One of the truly great "live" bands still out there. Catch them if you can.


----------



## mhammer (Nov 30, 2007)

I caught them at Bluesfest last year, and I have to say that as HUGE a fan as I am of them (I think I have all but one of their albums), it was a really disappointing show; just going through the motions.

Major credit for the impact that SD albums had and continue to have goes to engineer Roger Nichols. I won't take anything away from the always stellar musicians, and arrangements, but it was this guy who made all the albums of theirs he touched seem other-wordly in the presence and immediacy of the tone.


----------



## GuitarsCanada (Dec 30, 2005)

mhammer said:


> I caught them at Bluesfest last year, and I have to say that as HUGE a fan as I am of them (I think I have all but one of their albums), it was a really disappointing show; just going through the motions.
> 
> Major credit for the impact that SD albums had and continue to have goes to engineer Roger Nichols. I won't take anything away from the always stellar musicians, and arrangements, but it was this guy who made all the albums of theirs he touched seem other-wordly in the presence and immediacy of the tone.

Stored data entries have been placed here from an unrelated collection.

text \<open>
  The reduction is read off the run itself: R j is column j as it leaves reduce_column at step j
  (empty for INACTIVE elements). The rows reduce_column deletes are inactive simplices, which
  never occur in later boundaries: an inactive simplex contains an inactive vertex, and inactive
  vertices never gain cofaces. Hence R j is column j of the boundary matrix plus earlier columns.
  Columns kept in M change only by remove_row, which preserves their pivots; when a column with
  inactive pivot l is dropped, row l is cleared from all stored columns, and since l occurs in no
  later boundary either, no later column can acquire pivot l. So the pivots of R are distinct.
\<close>

section \<open>Sums of columns over Z_2\<close>

lemma zadd_assoc: "zadd (zadd a b) c = zadd a (zadd b c)"
  unfolding zadd_def by blast

lemma zadd_union_minus_inter: "zadd a b = a \<union> b - (a \<inter> b)"
  unfolding zadd_def by blast

lemma zadd_empty_right [simp]: "zadd a {} = a"
  unfolding zadd_def by blast

lemma odd_card_symdiff_iff:
  assumes "finite A" "finite B"
  shows "odd (card ((A - B) \<union> (B - A))) \<longleftrightarrow> odd (card A) \<noteq> odd (card B)"
proof -
  have "card ((A - B) \<union> (B - A)) = card (A - B) + card (B - A)"
    using assms by (simp add: card_Un_disjoint Diff_Int_distrib2)
  moreover have "card A = card (A \<inter> B) + card (A - B)" "card B = card (A \<inter> B) + card (B - A)"
    using card_Int_Diff[OF assms(1), of B] card_Int_Diff[OF assms(2), of A]
      by (simp_all add: Int_commute)
  ultimately show ?thesis by presburger
qed

lemma zsum_symdiff:
  assumes "finite S" "finite T"
  shows "zsum ((S - T) \<union> (T - S)) C = zadd (zsum S C) (zsum T C)"
proof -
  have "\<And>i. {k \<in> (S - T) \<union> (T - S). i \<in> C k} =
      ({k \<in> S. i \<in> C k} - {k \<in> T. i \<in> C k}) \<union> ({k \<in> T. i \<in> C k} - {k \<in> S. i \<in> C k})"
    by blast
  then show ?thesis
    using assms unfolding zsum_def zadd_def by (auto simp: odd_card_symdiff_iff)
qed

lemma zsum_empty [simp]: "zsum {} C = {}"
  unfolding zsum_def by simp

lemma zsum_singleton: "zsum {k} C = C k"
proof -
  have "\<And>i. {k' \<in> {k}. i \<in> C k'} = (if i \<in> C k then {k} else {})" by auto
  then show ?thesis unfolding zsum_def by auto
qed

definition colspan :: "(nat \<Rightarrow> nat set) \<Rightarrow> nat \<Rightarrow> nat set set" where
  "colspan D n = {zsum S D | S. S \<subseteq> {..<n}}"

lemma colspan_zadd: "x \<in> colspan D n \<Longrightarrow> y \<in> colspan D n \<Longrightarrow> zadd x y \<in> colspan D n"
  unfolding colspan_def
proof clarify
  fix S T assume ST: "S \<subseteq> {..<n}" "T \<subseteq> {..<n}"
  then have "finite S" "finite T" by (auto intro: finite_subset)
  then show "\<exists>U. zadd (zsum S D) (zsum T D) = zsum U D \<and> U \<subseteq> {..<n}"
    using ST by (intro exI[of _ "(S - T) \<union> (T - S)"]) (auto simp: zsum_symdiff)
qed

lemma colspan_mono: "x \<in> colspan D n \<Longrightarrow> n \<le> m \<Longrightarrow> x \<in> colspan D m"
  unfolding colspan_def by fastforce

lemma colspan_column: "k < n \<Longrightarrow> D k \<in> colspan D n"
  unfolding colspan_def by (intro CollectI exI[of _ "{k}"]) (auto simp: zsum_singleton)

lemma colspan_Suc: "x \<in> colspan D n \<Longrightarrow> zadd (D n) x \<in> colspan D (Suc n)"
  using colspan_zadd[OF colspan_column[of n "Suc n"] colspan_mono[of x D n "Suc n"]] by simp

lemma colspan_empty: "{} \<in> colspan D n"
  unfolding colspan_def by (intro CollectI exI[of _ "{}"]) auto

lemma zadd_same_Max:
  assumes "finite a" "finite b" "a \<noteq> {}" "b \<noteq> {}" "Max a = Max b"
  shows "zadd a b = {} \<or> Max (zadd a b) < Max a"
proof -
  have top: "Max a \<in> a" "Max a \<in> b" using assms Max_in[of a] Max_in[of b] by auto
  have below: "x < Max a" if "x \<in> zadd a b" for x
  proof -
    from that top have "x \<in> a \<or> x \<in> b" "x \<noteq> Max a" unfolding zadd_def by auto
    moreover have "x \<le> Max a"
      using calculation(1) Max_ge[OF assms(1)] Max_ge[OF assms(2)] assms(5) by auto
    ultimately show ?thesis by simp
  qed
  have "finite (zadd a b)" using assms unfolding zadd_def by auto
  then show ?thesis using below Max_in[of "zadd a b"] by blast
qed
lemma not_split_ramsey_2_6_7_10: "\<not> split_ramsey 2 6 7 10"
  by (rule not_split_ramsey_cross_graph[where a = 4
        and L = "[(0,5), (1,5), (0,6), (1,6), (2,7), (3,7), (2,8), (3,8), (0,9), (1,9), (2,9), (3,9)]"
        and X = "[]" and Y = "[9]"])
    (simp_all add: cross_graph_def upt_rec)

lemma not_split_ramsey_2_6_8_11: "\<not> split_ramsey 2 6 8 11"
  by (rule not_split_ramsey_cross_graph[where a = 4
        and L = "[(0,6), (1,6), (0,7), (1,7), (2,8), (3,8), (2,9), (3,9), (0,10), (1,10), (2,10), (3,10)]"
        and X = "[]" and Y = "[10]"])
    (simp_all add: cross_graph_def upt_rec)

lemma not_split_ramsey_2_5_6_7: "\<not> split_ramsey 2 5 6 7"
  by (rule not_split_ramsey_cross_graph[where a = 2
        and L = "[(0,3), (1,4), (0,5), (1,5), (0,6), (1,6)]" and X = "[]" and Y = "[5, 6]"])
    (simp_all add: cross_graph_def upt_rec)

lemma not_split_ramsey_2_5_7_8: "\<not> split_ramsey 2 5 7 8"
  by (rule not_split_ramsey_cross_graph[where a = 2
        and L = "[(0,4), (1,5), (0,6), (1,6), (0,7), (1,7)]" and X = "[]" and Y = "[6, 7]"])
    (simp_all add: cross_graph_def upt_rec)

lemma not_split_ramsey_2_5:
  assumes "8 \<le> j" "j \<le> 12"
  shows "\<not> split_ramsey 2 5 j (j + 2)"
proof -
  from assms consider "j = 8" | "j = 9" | "j = 10" | "j = 11" | "j = 12"
    by linarith
  then show ?thesis
    by cases
      (rule not_split_ramsey_cross_graph[where a = 4
          and L = "[(0,4), (0,5), (1,6), (1,7), (2,8), (2,9)]" and X = "[3]" and Y = "[]"];
        simp add: cross_graph_def upt_rec)+
qed

theorem theorem6p4:
  shows "(R_split 1 4 5 = 7 \<and> R_split 1 4 6 = 8) \<and>
         (R_split 2 6 7 = 11 \<and> R_split 2 6 8 = 12) \<and>
         (R_split 2 5 6 = 8 \<and> R_split 2 5 7 = 9) \<and>
         (\<forall>j::nat. 8 \<le> j \<and> j \<le> 12 \<longrightarrow> R_split 2 5 j = j + 3)"
proof -
  have "R_split 1 4 5 = 7"
    by (rule R_split_eqI[OF split_ramsey_by_double_counting not_split_ramsey_1_4_5_6]) simp_all
  moreover have "R_split 1 4 6 = 8"
    by (rule R_split_eqI[OF split_ramsey_by_double_counting not_split_ramsey_1_4_6_7]) simp_all
  moreover have "R_split 2 6 7 = 11"
    by (rule R_split_eqI[OF split_ramsey_by_double_counting not_split_ramsey_2_6_7_10]) simp_all
  moreover have "R_split 2 6 8 = 12"
    by (rule R_split_eqI[OF split_ramsey_by_double_counting not_split_ramsey_2_6_8_11]) simp_all
  moreover have "R_split 2 5 6 = 8" "R_split 2 5 7 = 9"
    using R_split_eqI[OF split_ramsey_2_5 not_split_ramsey_2_5_6_7]
      R_split_eqI[OF split_ramsey_2_5 not_split_ramsey_2_5_7_8] by simp_all
  moreover have "R_split 2 5 j = j + 3" if "8 \<le> j \<and> j \<le> 12" for j
    using that by (intro R_split_eqI[OF split_ramsey_by_double_counting not_split_ramsey_2_5]) auto
  ultimately show ?thesis
    by blast
qed

end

Bummer man, I seen them last at Rama on this current tour and Fagen was having trouble with his voice, which he apologized for. But other than that it was a great show. I find that they never really get into any kind of audience interaction. So the shows are basically all music and no show.


----------



## Rugburn (Jan 14, 2009)

Not really a Steely Dan guy, but Larry Carlton a.k.a. Mr. 335 is one hell of a guitar player.


----------



## david henman (Feb 3, 2006)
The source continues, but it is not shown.